Spiny Norman wrote:
Coëmgenu wrote:I think rendering the Pāli anattā into English as "identityless" and "identitynessless" really seems to express more easily the actual practice associated with cultivating a right-view on anattā. A doubting of permanent identity. The halting of grasping at identities. The halting of the formation of identities. What is actually discarded in Buddhism? We can say "the self is discarded", and that sound very mystical and profound and "Buddhisty" to an English speaker, but if we say "identity is discarded", I think that communicates what is actually meant in a clearer way, albeit less mystical and profound sounding.
Obviously someone could still misinterpret and develop wrong-views from hearing the word "identityless" as a part of anattā-teachings in English, I am thinking specifically that it could be interpreted by someone not informed about Buddhism as implying that we are all a group-consciousness, but people already make that misunderstanding with the terminology we currently use anyways.

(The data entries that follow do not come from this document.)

lemma CVar_in_subst_ctx:
  "CVar x A' \<in> set (subst_ctx a t G) \<longleftrightarrow> (\<exists>A. A' = subst a t A \<and> CVar x A \<in> set G)"
  unfolding subst_ctx_def by (auto simp: image_iff subst_bind_eq_CVar eq_commute[of "CVar x A'"])

lemma wf_ty_subst:
  assumes "wf_ty (\<Psi> @ [CTy \<alpha>] @ \<Psi>') A" and "wf_ty \<Psi> \<tau>"
  shows "wf_ty (\<Psi> @ subst_ctx \<alpha> \<tau> \<Psi>') (subst \<alpha> \<tau> A)"
  using assms ftv_subst[of \<alpha> \<tau> A]
  by (auto simp: wf_ty_def ctx_tvars_def CTy_in_subst_ctx intro: lc_at_subst)

lemma wf_mono_subst:
  assumes "wf_mono (\<Psi> @ [CTy \<alpha>] @ \<Psi>') A" and "wf_mono \<Psi> \<tau>"
  shows "wf_mono (\<Psi> @ subst_ctx \<alpha> \<tau> \<Psi>') (subst \<alpha> \<tau> A)"
  using assms wf_ty_subst mono_subst unfolding wf_mono_def by blast

lemma fresh_subst_ctx:
  assumes "b \<notin> ctx_fv (\<Psi> @ [CTy \<alpha>] @ \<Psi>')" and "ftv \<tau> \<subseteq> ctx_tvars \<Psi>"
  shows "b \<noteq> \<alpha>" and "b \<notin> ftv \<tau>" and "b \<notin> ctx_fv (\<Psi> @ subst_ctx \<alpha> \<tau> \<Psi>')"
proof -
  show "b \<noteq> \<alpha>" and "b \<notin> ftv \<tau>"
    using assms unfolding ctx_fv_def ctx_tvars_def by auto
  then show "b \<notin> ctx_fv (\<Psi> @ subst_ctx \<alpha> \<tau> \<Psi>')"
    using assms(1) ftv_subst[of \<alpha> \<tau>] unfolding ctx_fv_def ctx_tvars_def
    by (fastforce simp: CTy_in_subst_ctx CVar_in_subst_ctx)
qed

lemma sub_refl: "wf_mono G A \<Longrightarrow> sub G A A"
  unfolding wf_mono_def wf_ty_def by (induction A) (auto intro: sub.intros)

lemma sub_subst:
  assumes "sub (\<Psi> @ [CTy \<alpha>] @ \<Psi>') A B" and \<tau>: "wf_mono \<Psi> \<tau>"
  shows "sub (\<Psi> @ subst_ctx \<alpha> \<tau> \<Psi>') (subst \<alpha> \<tau> A) (subst \<alpha> \<tau> B)"
  using assms(1)
proof (induction "\<Psi> @ [CTy \<alpha>] @ \<Psi>'" A B arbitrary: \<Psi>' rule: sub.induct)
  case (sub_var a)
  then have "wf_mono (\<Psi> @ subst_ctx \<alpha> \<tau> \<Psi>') (subst \<alpha> \<tau> (TFree a))"
    using \<tau> by (intro wf_mono_subst) (auto simp: wf_mono_def wf_ty_def)
  then show ?case by (rule sub_refl)
next
  case sub_unit
  then show ?case by (auto intro: sub.intros)
next
  case sub_arr
  then show ?case by (auto intro: sub.intros)
next
  case (sub_allL s A B)
  then show ?case
    using \<tau> wf_mono_subst[of \<Psi> \<alpha> \<Psi>' s \<tau>]
    by (auto simp: subst_open_ty wf_mono_def wf_ty_def intro: sub.intros)
next
  case (sub_allR b A B)
  have \<tau>': "lc_at 0 \<tau>" "ftv \<tau> \<subseteq> ctx_tvars \<Psi>" using \<tau> by (auto simp: wf_mono_def wf_ty_def)
  note fresh = fresh_subst_ctx[OF sub_allR(1) \<tau>'(2)]
  have "sub (\<Psi> @ subst_ctx \<alpha> \<tau> \<Psi>' @ [CTy b]) (subst \<alpha> \<tau> A) (open_ty (subst \<alpha> \<tau> B) (TFree b))"
    using sub_allR(5)[of "\<Psi>' @ [CTy b]"] fresh(1) \<tau>'(1) by (simp add: subst_open_ty subst_ctx_snoc)
  then show ?case
    using sub_allR(2,3) fresh ftv_subst[of \<alpha> \<tau>] by (auto intro!: sub.sub_allR)
qed

lemma wf_ctx_appendD: "wf_ctx (xs @ ys) \<Longrightarrow> wf_ctx xs"
  by (induction ys rule: rev_induct) (auto elim: wf_ctx.cases)

lemma wf_ctx_lookup: "wf_ctx G \<Longrightarrow> lookup G x = Some A \<Longrightarrow> ftv A \<subseteq> ctx_tvars G"
  by (induction arbitrary: A rule: wf_ctx.induct)
    (auto simp: lookup_append ctx_tvars_def wf_ty_def split: option.splits if_splits)

lemma wf_ctx_snoc_CTy_lookup: "wf_ctx (\<Psi> @ [CTy a]) \<Longrightarrow> lookup \<Psi> x = Some A \<Longrightarrow> a \<notin> ftv A"
  by (erule wf_ctx.cases) (auto dest: wf_ctx_lookup)

theorem typing_subst:
  assumes wf: "wf_ctx (\<Psi> @ [CTy \<alpha>])" and \<tau>: "wf_mono \<Psi> \<tau>"
  shows "chk (\<Psi> @ [CTy \<alpha>] @ \<Psi>') e C n \<Longrightarrow>
           chk (\<Psi> @ subst_ctx \<alpha> \<tau> \<Psi>') (subst_tm \<alpha> \<tau> e) (subst \<alpha> \<tau> C) n"
    and "syn (\<Psi> @ [CTy \<alpha>] @ \<Psi>') e C n \<Longrightarrow>
           syn (\<Psi> @ subst_ctx \<alpha> \<tau> \<Psi>') (subst_tm \<alpha> \<tau> e) (subst \<alpha> \<tau> C) n"
    and "app (\<Psi> @ [CTy \<alpha>] @ \<Psi>') e B C n \<Longrightarrow>
           app (\<Psi> @ subst_ctx \<alpha> \<tau> \<Psi>') (subst_tm \<alpha> \<tau> e) (subst \<alpha> \<tau> B) (subst \<alpha> \<tau> C) n"
proof (induction "\<Psi> @ [CTy \<alpha>] @ \<Psi>'" e C n and "\<Psi> @ [CTy \<alpha>] @ \<Psi>'" e C n
    and "\<Psi> @ [CTy \<alpha>] @ \<Psi>'" e B C n arbitrary: \<Psi>' and \<Psi>' and \<Psi>' rule: chk_syn_app.inducts)
  case (syn_var x A)
  have "lookup (\<Psi> @ subst_ctx \<alpha> \<tau> \<Psi>') x = Some (subst \<alpha> \<tau> A)"
  proof (cases "lookup \<Psi>' x")
    case None
    with syn_var have "lookup \<Psi> x = Some A" by (simp add: lookup_append)
    with None show ?thesis
      using wf_ctx_snoc_CTy_lookup[OF wf] subst_fresh by (simp add: lookup_append lookup_subst_ctx)
  next
    case Some
    with syn_var show ?thesis by (simp add: lookup_append lookup_subst_ctx)
  qed
  then show ?case using chk_syn_app.syn_var by simp
next
  case chk_sub
  then show ?case using sub_subst[OF _ \<tau>] by (auto intro: chk_syn_app.chk_sub)
next
  case (syn_ann A e n)
  then show ?case
    using \<tau> wf_ty_subst[of \<Psi> \<alpha> \<Psi>' A \<tau>] by (auto simp: wf_mono_def intro: chk_syn_app.intros)
next
  case chk_unit
  then show ?case using chk_syn_app.chk_unit by simp
next
  case syn_unit
  then show ?case using chk_syn_app.syn_unit by simp
next
  case (chk_all b A e n)
  have \<tau>': "lc_at 0 \<tau>" "ftv \<tau> \<subseteq> ctx_tvars \<Psi>" using \<tau> by (auto simp: wf_mono_def wf_ty_def)
  note fresh = fresh_subst_ctx[OF chk_all(1) \<tau>'(2)]
  have "chk (\<Psi> @ subst_ctx \<alpha> \<tau> \<Psi>' @ [CTy b]) (subst_tm \<alpha> \<tau> e) (open_ty (subst \<alpha> \<tau> A) (TFree b)) n"
    using chk_all(5)[of "\<Psi>' @ [CTy b]"] fresh(1) \<tau>'(1) by (simp add: subst_open_ty subst_ctx_snoc)
  then show ?case
    using chk_all(2,3) fresh ftv_subst[of \<alpha> \<tau>] ftv_tm_subst_tm[of \<alpha> \<tau> e]
    by (auto intro!: chk_syn_app.chk_all)
next
  case (app_all s e A C n)
  then show ?case
    using \<tau> wf_mono_subst[of \<Psi> \<alpha> \<Psi>' s \<tau>]
    by (auto simp: subst_open_ty wf_mono_def wf_ty_def intro: chk_syn_app.intros)
next
  case (chk_lam x A e B n)
  then show ?case
    using chk_lam(2)[of "\<Psi>' @ [CVar x A]"] by (auto simp: subst_ctx_snoc intro: chk_syn_app.intros)
next
  case (syn_lam s s' x e n)
  have "wf_mono (\<Psi> @ subst_ctx \<alpha> \<tau> \<Psi>') (subst \<alpha> \<tau> (TArr s s'))"
    using syn_lam(1) \<tau> by (rule wf_mono_subst)
  then show ?case
    using syn_lam(3)[of "\<Psi>' @ [CVar x s]"] by (auto simp: subst_ctx_snoc intro: chk_syn_app.intros)
next
  case syn_app
  then show ?case by (auto intro: chk_syn_app.intros)
next
  case app_arr
  then show ?case by (auto intro: chk_syn_app.intros)
qed

theorem mainTheorem19:
  assumes "wf_ctx (\<Psi> @ [CTy \<alpha>] @ \<Psi>')"
    and "wf_mono \<Psi> \<tau>"
  shows "(\<forall>e C n. chk (\<Psi> @ [CTy \<alpha>] @ \<Psi>') e C n \<longrightarrow>
            (\<exists>m\<le>n. chk (\<Psi> @ subst_ctx \<alpha> \<tau> \<Psi>') (subst_tm \<alpha> \<tau> e) (subst \<alpha> \<tau> C) m))
       \<and> (\<forall>e C n. syn (\<Psi> @ [CTy \<alpha>] @ \<Psi>') e C n \<longrightarrow>
            (\<exists>m\<le>n. syn (\<Psi> @ subst_ctx \<alpha> \<tau> \<Psi>') (subst_tm \<alpha> \<tau> e) (subst \<alpha> \<tau> C) m))
       \<and> (\<forall>e B C n. app (\<Psi> @ [CTy \<alpha>] @ \<Psi>') e B C n \<longrightarrow>
            (\<exists>m\<le>n. app (\<Psi> @ subst_ctx \<alpha> \<tau> \<Psi>') (subst_tm \<alpha> \<tau> e) (subst \<alpha> \<tau> B) (subst \<alpha> \<tau> C) m))"
proof -
  have "wf_ctx (\<Psi> @ [CTy \<alpha>])"
    using wf_ctx_appendD[of "\<Psi> @ [CTy \<alpha>]" \<Psi>'] assms(1) by simp
  then show ?thesis
    using typing_subst[OF _ assms(2)] by blast
qed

It's an interesting approach. Would you say that "identity" is equivalent to self-view ( sakkāya-diṭṭhi )?https://en.wikipedia.org/wiki/Identity_ ... science%29
I assume you don't mean that individuality is also discarded?
The problem being Indian philosophers in 20th century (to whom Sanskrit and thus Pali was almost first language) agree that anatta means no soul. So it cannot be flawed translation.
A History of Indian Philosophy Volume 1-5, Surendranath Dasgupta. Click and read Chapter V - Buddhisy Philosophy (link to Vol I below).
He was a meticulous and brilliant academic in early 20th century with two Masters Degrees (one in Sanskrit) and two PhDs in Philosophy (one from Cambridge). His understanding of Buddhism was independent of any translation because he could read and understand Pali as easily as you and I read New York Times.
As the five volume work shows, his grasp over English was no less.
I agreed with what ancientbuddhism wrote in Anatta Thread, because Surendranath Dasgupta -- for whom I have the highest regard -- wrote the same thing back in 1921 -- Buddha Dhamma teaches no soul.
P.S -- If anyone wants to have a nice, neat understanding of Indian Philosophy before Buddha, I would recommend Chapter I - IV.
For Jainism Chapter VI.
For Advaita Chapter X and XI (XI being in A History of Indian Philosophy Volume 2
This would give anyone a good idea of the spiritual landscape before Buddha, at the time of Buddha and Sramanas, after Buddha, and principal arguments of Advaita, the main Hindu counter-thrust to Buddhism in about 600 pages and puts everything in context.
Please do not mistake it as an attempt to proselytize. Well written, relatively short, 600 page summary of Indian Philosophy till Advaita is quite rare. So thought I would share it.